Exercise prompt — Only the lines from the one containing "by (simp add: power2_eq_square field_simps" through the end of the data below should be copied, each exactly as written and with both ends kept.

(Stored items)
lemma is_path_in_states:
  assumes "wf_nfa A" "is_path A f w" "f 0 \<in> states A" "k \<le> length w"
  shows "f k \<in> states A"
proof (cases k)
  case (Suc k')
  then have "(f k', w ! k', f k) \<in> trans A"
    using assms(2,4) by (auto simp: is_path_def)
  then show ?thesis
    using assms(1) by (auto simp: wf_nfa_def)
qed (use assms in simp)

lemma run_pumping:
  assumes "is_path A f x" "i \<le> j" "j \<le> length x" "f i = f j"
  shows "run A (f 0) (take i x @ concat (replicate n (take (j - i) (drop i x))) @ drop j x) (f (length x))"
proof -
  have "run A (f 0) (take i x) (f i)"
    using path_imp_run[OF is_path_segment[OF assms(1), of 0 i]] assms by simp
  moreover have "run A (f i) (take (j - i) (drop i x)) (f i)"
    using path_imp_run[OF is_path_segment[OF assms(1,2,3)]] assms by simp
  then have "run A (f i) (concat (replicate n (take (j - i) (drop i x)))) (f i)"
    by (intro run_concat) simp
  moreover have "run A (f j) (drop j x) (f (length x))"
    using path_imp_run[OF is_path_segment[OF assms(1), of j "length x"]] assms by simp
  ultimately show ?thesis
    using assms(4) by (auto simp: run_append)
qed

lemma cyclic_init_final:
  assumes "cyclic A"
  obtains q0 where "init A = {q0}" "final A = {q0}"
  using assms unfolding cyclic_def by (metis card_1_singletonE)

lemma cyclic_concat_in_lang:
  assumes "cyclic A" "set us \<subseteq> lang A"
  shows "concat us \<in> lang A"
proof -
  obtain q0 where q0: "init A = {q0}" "final A = {q0}"
    using assms(1) by (rule cyclic_init_final)
  then have "run A q0 (concat us) q0"
    using assms(2) by (intro run_concat) (auto simp: lang_def)
  with q0 show ?thesis
    by (simp add: lang_def)
qed

lemma card_states_ge_1: "wf_nfa A \<Longrightarrow> cyclic A \<Longrightarrow> 1 \<le> card (states A)"
  unfolding wf_nfa_def cyclic_def by (metis card_mono)

lemma cyclic_lang_pumping:
  assumes "cyclic A" "is_path A f x" "f 0 \<in> init A" "f (length x) \<in> final A"
    and "i \<le> j" "j \<le> length x" "f i = f j" "0 < d" "d dvd length x"
  obtains x' where "x' \<in> lang A" "d dvd length x'"
    "residue_letters d 0 x' = shifted_residue_letters d (j - i) x"
proof -
  define y b z where "y = take i x" and "b = take (j - i) (drop i x)" and "z = drop j x"
  have "b @ z = drop i x"
    using append_take_drop_id[of "j - i" "drop i x"] assms(5) by (simp add: b_def z_def)
  then have x: "y @ b @ z = x"
    by (simp add: y_def)
  have len_b: "length b = j - i"
    using assms(5,6) by (simp add: b_def)
  obtain q0 where q0: "init A = {q0}" "final A = {q0}"
    using assms(1) by (rule cyclic_init_final)
  with assms(3,4) have "f 0 = q0" "f (length x) = q0"
    by auto
  with q0 have pumped: "pump y b z n \<in> lang A" for n
    using run_pumping[OF assms(2,5,6,7), of n] by (simp add: lang_def pump_def y_def b_def z_def)
  have closed: "concat us \<in> lang A" if "set us \<subseteq> lang A" for us
    using assms(1) that by (rule cyclic_concat_in_lang)
  have "d dvd length (y @ b @ z)"
    using assms(9) x by simp
  then obtain x' where "x' \<in> lang A" "d dvd length x'"
    "residue_letters d 0 x' = shifted_residue_letters d (length b) (y @ b @ z)"
    using pumping_in_submonoid[OF assms(8) _ pumped closed] by blast
  then show ?thesis
    using that x len_b by simp
qed

lemma pigeonhole_nat_prefix:
  assumes "finite S" "card S \<le> N" "\<forall>k \<le> N. g k \<in> S"
  obtains i j where "i < j" "j \<le> N" "g i = g j"
proof -
  have "g ` {0..N} \<subseteq> S"
    using assms(3) by auto
  then have "card (g ` {0..N}) \<le> card S"
    by (rule card_mono[OF assms(1)])
  then have "card (g ` {0..N}) < card {0..N}"
    using assms(2) by simp
  then have "\<not> inj_on g {0..N}"
    by (rule pigeonhole)
  then obtain i j where "i \<le> N" "j \<le> N" "i \<noteq> j" "g i = g j"
    unfolding inj_on_def by auto
  then show ?thesis
    using that[of i j] that[of j i] by (cases "i < j") auto
qed

lemma lang_imp_path:
  "w \<in> lang A \<Longrightarrow> \<exists>f. is_path A f w \<and> f 0 \<in> init A \<and> f (length w) \<in> final A"
  unfolding lang_def by (blast dest: run_imp_path)

lemma cyclic_langs_common_pumping:
  assumes "wf_nfa A1" "wf_nfa A2" "card (states A1) \<le> m" "card (states A2) \<le> m"
    and "cyclic A1" "cyclic A2" "x1 \<in> lang A1" "x2 \<in> lang A2" "m^2 \<le> length x1" "m^2 \<le> length x2"
    and "0 < d" "d dvd length x1" "d dvd length x2"
  obtains e x1' x2' where "0 < e" "e \<le> m^2"
    "x1' \<in> lang A1" "d dvd length x1'" "residue_letters d 0 x1' = shifted_residue_letters d e x1"
    "x2' \<in> lang A2" "d dvd length x2'" "residue_letters d 0 x2' = shifted_residue_letters d e x2"
proof -
  obtain f1 where f1: "is_path A1 f1 x1" "f1 0 \<in> init A1" "f1 (length x1) \<in> final A1"
    using lang_imp_path[OF assms(7)] by blast
  obtain f2 where f2: "is_path A2 f2 x2" "f2 0 \<in> init A2" "f2 (length x2) \<in> final A2"
    using lang_imp_path[OF assms(8)] by blast
  have "finite (states A1 \<times> states A2)"
    using assms(1,2) by (simp add: wf_nfa_def)
  moreover have "card (states A1 \<times> states A2) \<le> m^2"
    using assms(3,4) by (simp add: card_cartesian_product power2_eq_square mult_le_mono)
  moreover have "\<forall>k \<le> m^2. (f1 k, f2 k) \<in> states A1 \<times> states A2"
    using is_path_in_states[OF assms(1) f1(1)] is_path_in_states[OF assms(2) f2(1)] f1(2) f2(2)
      assms(1,2,9,10) by (auto simp: wf_nfa_def)
  ultimately obtain i j where "i < j" "j \<le> m^2" "(f1 i, f2 i) = (f1 j, f2 j)"
    by (rule pigeonhole_nat_prefix)
  then have ij: "i < j" "j \<le> m^2" "f1 i = f1 j" "f2 i = f2 j"
    by simp_all
  obtain x1' where "x1' \<in> lang A1" "d dvd length x1'"
    "residue_letters d 0 x1' = shifted_residue_letters d (j - i) x1"
    using cyclic_lang_pumping[OF assms(5) f1, of i j d] ij assms(9,11,12) by auto
  moreover obtain x2' where "x2' \<in> lang A2" "d dvd length x2'"
    "residue_letters d 0 x2' = shifted_residue_letters d (j - i) x2"
    using cyclic_lang_pumping[OF assms(6) f2, of i j d] ij assms(10,11,13) by auto
  ultimately show ?thesis
    using that[of "j - i"] ij by auto
qed
(* Let $n>3$ be real, let $m=1/2$, and let $K=K(1/2)=\int_0^{\pi/2}\bigl(1-\tfrac12\sin^2\theta\bigr)^{-1/2}\,d\theta$. Define $g:\mathbb R\to\mathbb R$ by $g(x)=\operatorname{cn}(x,1/2)^n$ for $x\in[-K,K]$ and $g(x)=0$ otherwise. Then $g$ is of class $C^3$ on $\mathbb R$ and satisfies $$n\,g'''(x)\,g(x)^2-3n\,g''(x)\,g'(x)\,g(x)+2\left(n-\tfrac1n\right)g'(x)^3=0\qquad\text{for all }x\in\mathbb R.$$ Consequently, for any constants $\alpha\neq 0,\beta,\gamma,\delta\in\mathbb R$, the function $Y(x)=\gamma\int_{-\infty}^{x}g(\alpha t+\beta)\,dt+\delta$ is a $C^4$ solution on $\mathbb R$ of $Y''''(Y')^2-3Y'''Y''Y'+2(1-n^{-2})(Y'')^3=0$.
   Context: $\operatorname{sn}(x,m),\operatorname{cn}(x,m),\operatorname{dn}(x,m)$ denote the Jacobian elliptic functions with parameter $m\in[0,1)$; they satisfy $\operatorname{sn}'=\operatorname{cn}\operatorname{dn}$, $\operatorname{cn}'=-\operatorname{sn}\operatorname{dn}$, $\operatorname{dn}'=-m\operatorname{sn}\operatorname{cn}$, $\operatorname{sn}^2+\operatorname{cn}^2=1$, $\operatorname{dn}^2+m\operatorname{sn}^2=1$, with $\operatorname{cn}(0,m)=1$, $\operatorname{sn}(0,m)=0$. $K(m)$ is the complete elliptic integral of the first kind; $\operatorname{cn}(x,m)>0$ for $|x|<K(m)$ and $\operatorname{cn}(\pm K(m),m)=0$. *)

theory Defs
  imports "HOL-Analysis.Analysis"
begin

definition ellF :: "real \<Rightarrow> real \<Rightarrow> real" where
  "ellF m \<phi> = (if 0 \<le> \<phi> then integral {0..\<phi>} (\<lambda>\<theta>. 1 / sqrt (1 - m * (sin \<theta>)\<^sup>2))
               else - integral {\<phi>..0} (\<lambda>\<theta>. 1 / sqrt (1 - m * (sin \<theta>)\<^sup>2)))"

definition ellK :: "real \<Rightarrow> real" where
  "ellK m = ellF m (pi / 2)"

text \<open>Jacobi amplitude: the inverse of phi |-> F(phi,m) (a bijection of the reals for 0 <= m < 1).\<close>
definition jacobi_am :: "real \<Rightarrow> real \<Rightarrow> real" where
  "jacobi_am m x = (THE \<phi>. ellF m \<phi> = x)"

definition jacobi_sn :: "real \<Rightarrow> real \<Rightarrow> real" where
  "jacobi_sn m x = sin (jacobi_am m x)"

definition jacobi_cn :: "real \<Rightarrow> real \<Rightarrow> real" where
  "jacobi_cn m x = cos (jacobi_am m x)"

definition jacobi_dn :: "real \<Rightarrow> real \<Rightarrow> real" where
  "jacobi_dn m x = sqrt (1 - m * (sin (jacobi_am m x))\<^sup>2)"

end

(*
  For m = 1/2 write u = cn and w = sn dn. Then u' = -w, w' = u^3 and w^2 = (1 - u^4)/2, so on
  (-K, K), where u > 0, every derivative of u^n is a combination of terms u^r and w u^r, and the
  differential equation becomes a polynomial identity in u and w modulo w^2 = (1 - u^4)/2.
  Because n > 3, all exponents in the first three derivatives are positive, so these derivatives
  vanish at the zeros +-K of cn; the extension by zero of each one is then the primitive of the
  extension by zero of the next (fundamental theorem of calculus), which makes g a C^3 function
  satisfying the identity everywhere. The statement about Y follows from the chain rule for
  x |-> alpha x + beta, the primitive over a half-line existing because g has compact support.
*)
theory Submission
  imports Defs
begin
lemma norm_conjugated_perturbation_le:
  fixes \<Phi> Z \<Theta> :: "real \<Rightarrow> complex^'n^'n"
  assumes \<Phi>Z: "\<And>x y. x \<le> 0 \<Longrightarrow> y \<le> 0 \<Longrightarrow> norm (\<Phi> x ** Z y) \<le> K * exp (a * \<bar>x - y\<bar>)"
    and \<Phi>_0: "\<Phi> 0 = mat 1" and Z_0: "Z 0 = mat 1"
    and \<Theta>: "\<And>t. t \<le> 0 \<Longrightarrow> norm (\<Theta> t) \<le> c * exp (2 * \<gamma> * t)"
    and a: "0 \<le> a" "2 * a \<le> \<gamma>" and t: "t \<le> 0"
  shows "norm (Z t ** \<Theta> t ** \<Phi> t) \<le> K^2 * c * exp (\<gamma> * t)"
proof -
  have K: "K \<ge> 0" using \<Phi>Z[of 0 0, simplified] norm_ge_zero[of "\<Phi> 0 ** Z 0"] by linarith
  have c: "c \<ge> 0" using \<Theta>[of 0, simplified] norm_ge_zero[of "\<Theta> 0"] by linarith
  have "norm (Z t ** \<Theta> t ** \<Phi> t) \<le> norm (\<Phi> 0 ** Z t) * norm (\<Theta> t) * norm (\<Phi> t ** Z 0)"
    using norm_matrix_mult3_le by (simp add: \<Phi>_0 Z_0)
  also have "\<dots> \<le> (K * exp (a * (- t))) * (c * exp (2 * \<gamma> * t)) * (K * exp (a * (- t)))"
    using \<Phi>Z[of 0 t] \<Phi>Z[of t 0] \<Theta>[OF t] t K c by (intro mult_mono) auto
  also have "\<dots> = K^2 * c * exp (2 * (\<gamma> - a) * t)"
    by (simp add: power2_eq_square algebra_simps flip: exp_add)
  also have "\<dots> \<le> K^2 * c * exp (\<gamma> * t)"
    using a t K c by (intro mult_left_mono) (auto simp: mult_le_cancel_right)
  finally show ?thesis .
qed
lemma cut_base_two_le_large_cut_bound:
  fixes n g s :: real
  assumes "1 < n" and "0 \<le> g" and "sqrt n < s" and "2 * s \<le> n - g"
  shows "cut_base (n - 1) (n - g) 2 s \<le> large_cut_bound n g"
proof -
  define N where "N = n - 1"
  define m where "m = n - g"
  define c where "c = 1 + g / sqrt n"
  define \<alpha> where "\<alpha> = s / N"
  have "0 < N" "0 < sqrt n" "1 \<le> sqrt n"
    using assms(1) by (auto simp: N_def)
  have "1 \<le> s"
    using assms(3) \<open>1 \<le> sqrt n\<close> by linarith
  then have "0 \<le> m"
    using assms(4) by (simp add: m_def)
  have eq: "N - (m - s) = s + g - 1"
    by (simp add: N_def m_def)
  have "0 \<le> \<alpha>" "\<alpha> \<le> m / (2 * N)"
    using assms(4) \<open>1 \<le> s\<close> \<open>0 < N\<close> by (simp_all add: \<alpha>_def m_def field_simps)
  have "1 \<le> s / sqrt n"
    using assms(3) \<open>0 < sqrt n\<close> by simp
  then have "g \<le> g * (s / sqrt n)"
    using mult_left_mono[OF _ assms(2)] by fastforce
  then have "s + g - 1 \<le> s * c"
    by (simp add: c_def algebra_simps)
  then have "(s + g - 1) / N \<le> \<alpha> * c"
    using \<open>0 < N\<close> by (simp add: \<alpha>_def divide_right_mono)
  then have "((s + g - 1) / N) ^ 2 \<le> (\<alpha> * c) ^ 2"
    using assms(2) \<open>1 \<le> s\<close> \<open>0 < N\<close> by (intro power_mono) auto
  then have sq: "((s + g - 1) / N) ^ 2 \<le> \<alpha> ^ 2 * c ^ 2"
    by (simp add: power_mult_distrib)
  have exp_eq: "exp (- (2 * (m - s) / N)) = exp (- (2 * m / N)) * exp (2 * \<alpha>)"
    by (simp add: \<alpha>_def exp_add[symmetric] diff_divide_distrib algebra_simps)
  have "\<alpha> * exp (2 * \<alpha>) \<le> m / (2 * N) * exp (m / N)"
    using \<open>0 \<le> \<alpha>\<close> \<open>\<alpha> \<le> m / (2 * N)\<close> \<open>0 < N\<close> \<open>0 \<le> m\<close>
    by (intro mult_mono) (auto simp: field_simps)
  have "cut_base N m 2 s = exp 1 * m / s * ((s + g - 1) / N) ^ 2 * exp (- (2 * (m - s) / N))"
    by (simp add: cut_base_def eq)
  also have "\<dots> \<le> exp 1 * m / s * (\<alpha> ^ 2 * c ^ 2) * exp (- (2 * (m - s) / N))"
    using sq \<open>0 \<le> m\<close> \<open>1 \<le> s\<close> by (intro mult_right_mono mult_left_mono) auto
  also have "\<dots> = exp 1 * (m / N) * c ^ 2 * exp (- (2 * m / N)) * (\<alpha> * exp (2 * \<alpha>))"
    unfolding exp_eq using \<open>1 \<le> s\<close> \<open>0 < N\<close> by (simp add: \<alpha>_def field_simps power2_eq_square)
  also have "\<dots> \<le> exp 1 * (m / N) * c ^ 2 * exp (- (2 * m / N)) * (m / (2 * N) * exp (m / N))"
    using \<open>\<alpha> * exp (2 * \<alpha>) \<le> m / (2 * N) * exp (m / N)\<close> \<open>0 \<le> m\<close> \<open>0 < N\<close>
    by (intro mult_left_mono) auto
  also have "\<dots> = exp 1 / 2 * (m / N) ^ 2 * c ^ 2 * exp (- (m / N))"
    by (simp add: power2_eq_square field_simps flip: exp_add)
  finally show ?thesis
    by (simp add: large_cut_bound_def N_def m_def c_def)
qed

lemma one_minus_conn_prob_le_small_deletion:
  fixes n K g :: nat
  assumes "2 \<le> n" and "K \<le> n - 1" and "2 \<le> K" and "g \<le> n"
    and "small_cut_bound n g < 1" and "large_cut_bound n g \<le> 3 / 4"
  shows "1 - conn_prob n K g
    \<le> small_cut_bound n g / (1 - small_cut_bound n g) + 4 * (3 / 4) powr sqrt n"
proof -
  let ?y = "\<lambda>s. cut_base (real n - 1) (real n - real g) 2 (real s)"
  have "1 - conn_prob n K g \<le> (\<Sum>s=1..(n - g) div 2. ?y s ^ s)"
    by (rule one_minus_conn_prob_le_cut_sum) (use assms in auto)
  also have "\<dots> \<le> small_cut_bound n g / (1 - small_cut_bound n g) + (3 / 4) powr sqrt n / (1 - 3 / 4)"
  proof (rule sum_power_split_powr_le)
    fix s assume s: "1 \<le> s" "s \<le> (n - g) div 2"
    then have "2 * s \<le> n - g"
      by auto
    then have "2 * real s \<le> real n - real g"
      using assms(4) by (simp flip: of_nat_le_iff of_nat_diff of_nat_mult)
    show "0 \<le> ?y s"
      using \<open>2 * real s \<le> real n - real g\<close> s assms(1) by (intro cut_base_nonneg) auto
    show "?y s \<le> small_cut_bound n g" if "real s \<le> sqrt n"
      using \<open>2 * real s \<le> real n - real g\<close> s assms(1) that
      by (intro cut_base_two_le_small_cut_bound) auto
    show "?y s \<le> 3 / 4" if "sqrt n < real s"
      using cut_base_two_le_large_cut_bound[of n g s] \<open>2 * real s \<le> real n - real g\<close> assms(1,6) that
      by auto
  qed (use assms(1,5) in \<open>auto simp: small_cut_bound_def\<close>)
  finally show ?thesis
    by simp
qed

Response to the task —
    by (simp add: power2_eq_square field_simps flip: exp_add)
  finally show ?thesis
    by (simp add: large_cut_bound_def N_def m_def c_def)
qed

lemma one_minus_conn_prob_le_small_deletion:
  fixes n K g :: nat
  assumes "2 \<le> n" and "K \<le> n - 1" and "2 \<le> K" and "g \<le> n"
    and "small_cut_bound n g < 1" and "large_cut_bound n g \<le> 3 / 4"
  shows "1 - conn_prob n K g
    \<le> small_cut_bound n g / (1 - small_cut_bound n g) + 4 * (3 / 4) powr sqrt n"
proof -
  let ?y = "\<lambda>s. cut_base (real n - 1) (real n - real g) 2 (real s)"
  have "1 - conn_prob n K g \<le> (\<Sum>s=1..(n - g) div 2. ?y s ^ s)"
    by (rule one_minus_conn_prob_le_cut_sum) (use assms in auto)
  also have "\<dots> \<le> small_cut_bound n g / (1 - small_cut_bound n g) + (3 / 4) powr sqrt n / (1 - 3 / 4)"
  proof (rule sum_power_split_powr_le)
    fix s assume s: "1 \<le> s" "s \<le> (n - g) div 2"
    then have "2 * s \<le> n - g"
      by auto
    then have "2 * real s \<le> real n - real g"
      using assms(4) by (simp flip: of_nat_le_iff of_nat_diff of_nat_mult)
    show "0 \<le> ?y s"
      using \<open>2 * real s \<le> real n - real g\<close> s assms(1) by (intro cut_base_nonneg) auto
    show "?y s \<le> small_cut_bound n g" if "real s \<le> sqrt n"
      using \<open>2 * real s \<le> real n - real g\<close> s assms(1) that
      by (intro cut_base_two_le_small_cut_bound) auto
    show "?y s \<le> 3 / 4" if "sqrt n < real s"
      using cut_base_two_le_large_cut_bound[of n g s] \<open>2 * real s \<le> real n - real g\<close> assms(1,6) that
      by auto
  qed (use assms(1,5) in \<open>auto simp: small_cut_bound_def\<close>)
  finally show ?thesis
    by simp
qed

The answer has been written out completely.